Brain fog? Eat this, not that

You can eat strategically to rev up daily sharpness

It can be frustrating to not have the mental sharpness you need to get through your day. While not a clinical diagnosis, so-called brain fog includes occasional forgetfulness or the inability to concentrate. The solution to energetic and clear thinking can be linked to our nutrition and digestive health, according to naturopathic doctors at Medcan.

“Once you identify and remove what is causing the brain fog, it’s like a smokescreen has lifted. Just like when you get new glasses, eliminating certain foods and other strategies can lead to mental clarity and a sharper perspective,” says Biljana Fantozzi, a naturopathic doctor at Medcan.

Dr. Fantozzi emphasizes that the best results come from a personalized approach that takes into consideration health history, eating habits and underlying conditions such as hormonal, adrenal and thyroid issues.

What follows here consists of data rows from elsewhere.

lemma candidate_shorten_pumps:
  assumes C: "candidate S T u a m b w c1 c2 c3 c4"
    and l: "int k * eff (sigp S) = l" "- int k' * eff (sigm T) = l" "k \<le> a" "k' \<le> b"
    and high: "int (length m) + l < int c2 \<or> int (length m) + l < int c3"
  shows "\<exists>c2' c3'. candidate S T u (a - k) m (b - k') w c1 c2' c3' c4"
proof -
  note C = C[unfolded candidate_def]
  have SP: "0 < eff (sigp S)" using up_cycle C by auto
  have SM: "eff (sigm T) < 0" using down_cycle C by auto
  define bS where "bS = base (sigp S)"
  define bT where "bT = base (sigm T)"
  have P: "pos_path (bS, c2) m" "target (bS, c2) m = (bT, c3)"
    using C by (auto simp: bS_def bT_def)
  have e: "bT = walk_end bS m" "int c3 = int c2 + eff m" using pos_path_target[OF P(1)] P(2) by auto
  have m: "walk bS m" "set m \<subseteq> Tpos" using P(1) by (auto simp: pos_path_iff)
  have c: "int c2 = int c1 + int a * eff (sigp S)" "int c3 = int c4 - int b * eff (sigm T)"
    using C by auto
  have "int k * eff (sigp S) \<le> int a * eff (sigp S)" using l(3) SP by simp
  then have "l \<le> int c2" using c(1) l(1) by linarith
  then have c2': "int (nat (int c2 - l)) = int c2 - l" by simp
  have "int b * eff (sigm T) \<le> int k' * eff (sigm T)" using l(4) SM by simp
  then have "l \<le> int c3" using c(2) l(2) by linarith
  then have c3': "int (nat (int c3 - l)) = int c3 - l" by simp
  have q: "pos_path (bS, nat (int c2 - l)) m"
    using high pos_path_if_high_start[OF m] pos_path_if_high_end[OF m] c2' e by auto
  have "target (bS, nat (int c2 - l)) m = (bT, nat (int c3 - l))"
    using pos_path_target[OF q] e c2' c3' by simp
  moreover have "int (a - k) * eff (sigp S) = int a * eff (sigp S) - int k * eff (sigp S)"
    "int (b - k') * eff (sigm T) = int b * eff (sigm T) - int k' * eff (sigm T)"
    using l(3,4) by (simp_all add: of_nat_diff left_diff_distrib)
  then have "int (nat (int c2 - l)) = int c1 + int (a - k) * eff (sigp S)"
    "int (nat (int c3 - l)) = int c4 - int (b - k') * eff (sigm T)"
    using c c2' c3' l(1,2) by linarith+
  ultimately show ?thesis using C q unfolding candidate_def bS_def bT_def by blast
qed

In addition to regular sleep and moderate intensity exercise, here are general eating strategies that can alleviate some contributing factors of brain fog:

Identify whether your food is working with you or against you

“Listen to your body and figure out how you feel after eating specific foods.  If you feel bloated, tired or congested up to 72 hours after eating, you may have negatively reacted to the food and further investigation is required to determine the main cause,” says Dr. Fantozzi.

Keeping a food and symptom log for at least one week prior to seeing your naturopathic doctor will help with the investigation. Write down everything you eat and track how you feel. You may be asked to eliminate foods from your regular diet and to follow an anti-inflammatory diet for at least two to eight weeks to help isolate foods that are affecting you.  Over time you can start reintroducing foods and observe your reactions – this will help you develop a regime that works with your body.

Get enough (of the right) vitamins and minerals

Your naturopath may also identify whether you have any nutrient deficiencies contributing to brain fog including low iron levels, deficient levels of Omega-3 fatty acids, B vitamins, vitamin D, magnesium and zinc.

Fuel your brain with high protein, high fibre, healthy fat-based foods

  • Replace refined carbohydrates with whole and unrefined grains that are high in fiber and low in sugar, to reduce inflammation, stabilize blood sugar levels and promote healthy brain activity
  • Consume foods that are slowly digested, absorbed and metabolized to allow for a consistent supply of energy.  Look for food that is high in micro- and macro-nutrients and low glycemic index such as:
    • Broccoli and brussels sprouts
    • Bright foods and spices like beets, turmeric, matcha, spirulina and black tahini
    • Berries
    • Oily fish like mackerel, anchovies, sardines, salmon and herring
    • Leafy greens including spinach, bok choy, kale, arugala, swiss chard
    • Avocado
    • Coconut oil
    • Green tea and cocoa
    • Lean, hormone-free, grass-fed meats
    • Nuts and seeds

Avoid common culprits

While every person’s food sensitivities and intolerance are different, there are general high-risk foods to avoid:

  • Sugar and artificial sweeteners and additives
  • Processed and refined carbohydrates
  • High fructose corn syrup
  • Oils: hydrogenated and partly hydrogenated fats (corn oil, cotton seed oil, palm kernel, soybean oil, vegetable oil, margarine)
  • Dairy products
  • Gluten containing grains –wheat, spelt, rye, kamut, barley
  • Soy products
  • Corn
  • Peanuts and peanut-containing foods

Get professional guidance to manage hypoglycemia and hyperglycemia

Unstable blood glucose levels can manifest as insulin resistance, hyperglycemia (high blood sugar) or hypoglycemia (low blood sugar), which can lead to both brain fog and physical symptoms. Hyperglycemia can be indicated by frequent urination, increased thirst and headache. Hypoglycemia symptoms include being pale, feeling weak or shaky, having poor concentration and confusion, which usually resolve after eating. If you have one of these conditions, Dr. Fantozzi advises working with a practitioner to manage the symptoms. You may be advised to eat frequent, smaller meals to slow down the release of glucose into the bloodstream. Nutritional supplements may also be recommended.